Neutron tomography results in the short- to medium-term radioactivation of imaged samples, with the form and period of residual radioactivity dependent on the elemental and isotopic composition of the samples, with elements. Of notable concern are samples containing appreciable levels of certain elements such as cobalt. In practice, this neutron activation is low and short-lived such that the method is considered non-destructive, and of potential benefit, enabling the qualitative and quantitative analysis of major, minor, trace or rare elements via instrumental neutron activation analysis.

The increasing availability of neutron imaging instruments at research reactors and spallation sources via peer-reviewed user access programs has seen neutron tomography achieve increasing impact across diverse applications including earth sciences, palaeontology, cultural heritage, materials research and engineering.
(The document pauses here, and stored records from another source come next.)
(* Let $A=(i_1,\dots,i_a)$ be an ordered tuple of distinct elements of $I_d$, $\alpha\in\mathbb{Z}_2^{a,\mathrm{ev}}$, $r\ge0$, and put $\overrightarrow{A}=(i_a,i_1,\dots,i_{a-1})$, $\overrightarrow{\alpha}=(\alpha_a,\alpha_1,\dots,\alpha_{a-1})$. Then in $\mathcal{G}$, $$\overrightarrow{A}^{(r,\overrightarrow{\alpha})}=(-1)^{\alpha_a((a-1)(l-1)+r+1)}A^{(r,\alpha)}.$$
   Context: Fix a commutative ring $R$ and integers $l,d\ge1$; $I_a=\{1,\dots,a\}$. Let $\mathcal{G}$ be the $R$-superalgebra that is free as an $R$-module with basis $\{x_1^{m_1}\cdots x_d^{m_d}\,w\,c_1^{e_1}\cdots c_d^{e_d}: 0\le m_i\le l-1,\ w\in\Sigma_d,\ e_i\in\{0,1\}\}$, with multiplication determined by: the $x_i$ commute and $x_i^l=0$; $w\in\Sigma_d$ multiply as in the symmetric group (composition right to left); $c_i^2=1$, $c_ic_j=-c_jc_i$ for $i\ne j$; $wx_i=x_{w(i)}w$, $wc_i=c_{w(i)}w$; $x_ic_i=-c_ix_i$, $x_ic_j=c_jx_i$ for $i\ne j$. For an ordered tuple $A=(i_1,\dots,i_a)$ of distinct elements of $I_d$, $\sigma_A$ is the cycle $i_1\mapsto i_2\mapsto\dots\mapsto i_a\mapsto i_1$. For $\alpha\in\mathbb{Z}_2^a$: $|\alpha|=\sum_j\alpha_j$; $\mathbb{Z}_2^{a,\mathrm{ev}}$ is the set of $\alpha$ with $|\alpha|$ even; $c_\alpha(A)=c_{i_1}^{\alpha_1}\cdots c_{i_a}^{\alpha_a}$; $\epsilon^\alpha_j=\prod_{k<j}(-1)^{\alpha_k}$. For $r\ge0$, $\alpha\in\mathbb{Z}_2^{a,\mathrm{ev}}$: $h^\alpha_r(A)=\sum_{r_1+\dots+r_a=(a-1)(l-1)+r,\ r_j\ge0}\prod_j(\epsilon^\alpha_jx_{i_j})^{r_j}$ and $A^{(r,\alpha)}=h^\alpha_r(A)\sigma_Ac_\alpha(A)$. *)

theory Defs
  imports "HOL-Combinatorics.Cycles"
begin

text \<open>The superalgebra G (depending on l, d), over a commutative ring 'r, realised
 concretely as the free 'r-module on the basis monomials x^m w c^S, i.e. as functions
 from basis triples (m, w, S) to coefficients that vanish outside the valid basis.
 Here m : exponents of x_1..x_d (each < l), w : permutation of {1..d},
 S : the set of indices i with e_i = 1 (c^S = product of c_i, i in S, increasing order).\<close>

type_synonym gbasis = "(nat \<Rightarrow> nat) \<times> (nat \<Rightarrow> nat) \<times> nat set"
type_synonym 'r gelem = "gbasis \<Rightarrow> 'r"

definition valid_basis :: "nat \<Rightarrow> nat \<Rightarrow> gbasis \<Rightarrow> bool" where
  "valid_basis l d b = (case b of (m, w, S) \<Rightarrow>
     (\<forall>i. (i \<in> {1..d} \<longrightarrow> m i < l) \<and> (i \<notin> {1..d} \<longrightarrow> m i = 0))
     \<and> w permutes {1..d} \<and> S \<subseteq> {1..d})"

definition Gbasis :: "nat \<Rightarrow> nat \<Rightarrow> gbasis set" where
  "Gbasis l d = {b. valid_basis l d b}"

text \<open>Right multiplication of a normal-form Clifford monomial (sign, c^T) by a generator c_j:
  c^T c_j = (-1)^{#{i in T. i > j}} c^{T sym-diff {j}}.\<close>
definition cmul_gen :: "int \<times> nat set \<Rightarrow> nat \<Rightarrow> int \<times> nat set" where
  "cmul_gen st j = (case st of (s, T) \<Rightarrow>
     (s * (-1) ^ card {i \<in> T. i > j}, if j \<in> T then T - {j} else insert j T))"

definition cword :: "nat list \<Rightarrow> int \<times> nat set" where
  "cword js = foldl cmul_gen (1, {}) js"

text \<open>Product of basis monomials:
  x^m w c^S * x^m' w' c^S' = (-1)^{sum_{i in S} m'_i} x^{m + m' o w^-1} (w o w')
     * c_{w'^-1 s_1} ... c_{w'^-1 s_k} c^S'   (s_1 < ... < s_k the elements of S);
  it is zero if some exponent reaches l.\<close>
definition bmul :: "nat \<Rightarrow> nat \<Rightarrow> gbasis \<Rightarrow> gbasis \<Rightarrow> (int \<times> gbasis) option" where
  "bmul l d b1 b2 = (case b1 of (m, w, S) \<Rightarrow> case b2 of (m', w', S') \<Rightarrow>
     (let s1 = (-1::int) ^ (\<Sum>i\<in>S. m' i);
          m'' = (\<lambda>j. m j + m' (inv w j));
          (s2, T) = cword (map (inv w') (sorted_list_of_set S) @ sorted_list_of_set S')
      in if (\<forall>j\<in>{1..d}. m'' j < l) then Some (s1 * s2, (m'', w \<circ> w', T)) else None))"

definition gmul :: "nat \<Rightarrow> nat \<Rightarrow> ('r::comm_ring_1) gelem \<Rightarrow> 'r gelem \<Rightarrow> 'r gelem" where
  "gmul l d f g = (\<lambda>b. \<Sum>b1\<in>Gbasis l d. \<Sum>b2\<in>Gbasis l d.
     (case bmul l d b1 b2 of None \<Rightarrow> 0
       | Some (s, b') \<Rightarrow> if b' = b then of_int s * f b1 * g b2 else 0))"

definition gsmul :: "'r::comm_ring_1 \<Rightarrow> 'r gelem \<Rightarrow> 'r gelem" where
  "gsmul c f = (\<lambda>b. c * f b)"

definition gmono :: "nat \<Rightarrow> nat \<Rightarrow> gbasis \<Rightarrow> ('r::comm_ring_1) gelem" where
  "gmono l d b = (\<lambda>b'. if b' = b \<and> valid_basis l d b then 1 else 0)"

definition gone :: "nat \<Rightarrow> nat \<Rightarrow> ('r::comm_ring_1) gelem" where
  "gone l d = gmono l d (\<lambda>_. 0, id, {})"

definition gx :: "nat \<Rightarrow> nat \<Rightarrow> nat \<Rightarrow> ('r::comm_ring_1) gelem" where
  "gx l d i = gmono l d (\<lambda>j. if j = i then 1 else 0, id, {})"

definition gperm :: "nat \<Rightarrow> nat \<Rightarrow> (nat \<Rightarrow> nat) \<Rightarrow> ('r::comm_ring_1) gelem" where
  "gperm l d w = gmono l d (\<lambda>_. 0, w, {})"

definition gc :: "nat \<Rightarrow> nat \<Rightarrow> nat \<Rightarrow> ('r::comm_ring_1) gelem" where
  "gc l d i = gmono l d (\<lambda>_. 0, id, {i})"

definition gpow :: "nat \<Rightarrow> nat \<Rightarrow> ('r::comm_ring_1) gelem \<Rightarrow> nat \<Rightarrow> 'r gelem" where
  "gpow l d f n = (gmul l d f ^^ n) (gone l d)"

definition gprod_list :: "nat \<Rightarrow> nat \<Rightarrow> ('r::comm_ring_1) gelem list \<Rightarrow> 'r gelem" where
  "gprod_list l d fs = foldr (gmul l d) fs (gone l d)"

definition gsum :: "'i set \<Rightarrow> ('i \<Rightarrow> ('r::comm_ring_1) gelem) \<Rightarrow> 'r gelem" where
  "gsum X F = (\<lambda>b. \<Sum>x\<in>X. F x b)"

text \<open>Tuples A are lists of distinct indices; alpha in Z_2^a is a bool list.
 eps alpha j (0-based j) = prod_{k<j} (-1)^{alpha_k}.\<close>
definition eps :: "bool list \<Rightarrow> nat \<Rightarrow> 'r::comm_ring_1" where
  "eps \<alpha> j = (-1) ^ length (filter id (take j \<alpha>))"

definition hA :: "nat \<Rightarrow> nat \<Rightarrow> nat \<Rightarrow> nat list \<Rightarrow> bool list \<Rightarrow> ('r::comm_ring_1) gelem" where
  "hA l d r A \<alpha> = gsum {rs. length rs = length A \<and> sum_list rs = (length A - 1) * (l - 1) + r}
     (\<lambda>rs. gprod_list l d
        (map (\<lambda>j. gpow l d (gsmul (eps \<alpha> j) (gx l d (A ! j))) (rs ! j)) [0..<length A]))"

definition c_alpha :: "nat \<Rightarrow> nat \<Rightarrow> nat list \<Rightarrow> bool list \<Rightarrow> ('r::comm_ring_1) gelem" where
  "c_alpha l d A \<alpha> = gprod_list l d
     (map (\<lambda>j. if \<alpha> ! j then gc l d (A ! j) else gone l d) [0..<length A])"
In 2022, it was reported in the journal Gondwana Research that an ornithopod dinosaur was serendipitously discovered by neutron tomography in the gut content of Confractosuchus, a Cretaceous crocodyliform from the Winton Formation of central Queensland, Australia. This is the first time that a dinosaur has been discovered using neutron tomography, and to this day, the partially digested dinosaur remains entirely embedded within the surrounding matrix. That same year, in the journal Science, researchers announced the discovery of a 380-million-year-old three-dimensionally preserved heart inside a fossilised fish. The two-chambered, S-shaped heart is 250-million-years older than the previous oldest vertebrate heart and revealed the early evolution of the heart structure found in vertebrates, including humans, today.

== See also ==
- Winkler, B. (2006). "Applications of Neutron Radiography and Neutron Tomography"
- Schwarz, D. (2005). "Neutron tomography of internal structures of vertebrate remains: a comparison with X-ray computed tomography"
- Mays, C. (2017). "Neutron tomography of Austrosequoia novae-zeelandiae comb. nov. (Late Cretaceous, Chatham Islands, New Zealand): implications for Sequoioideae phylogeny and biogeography"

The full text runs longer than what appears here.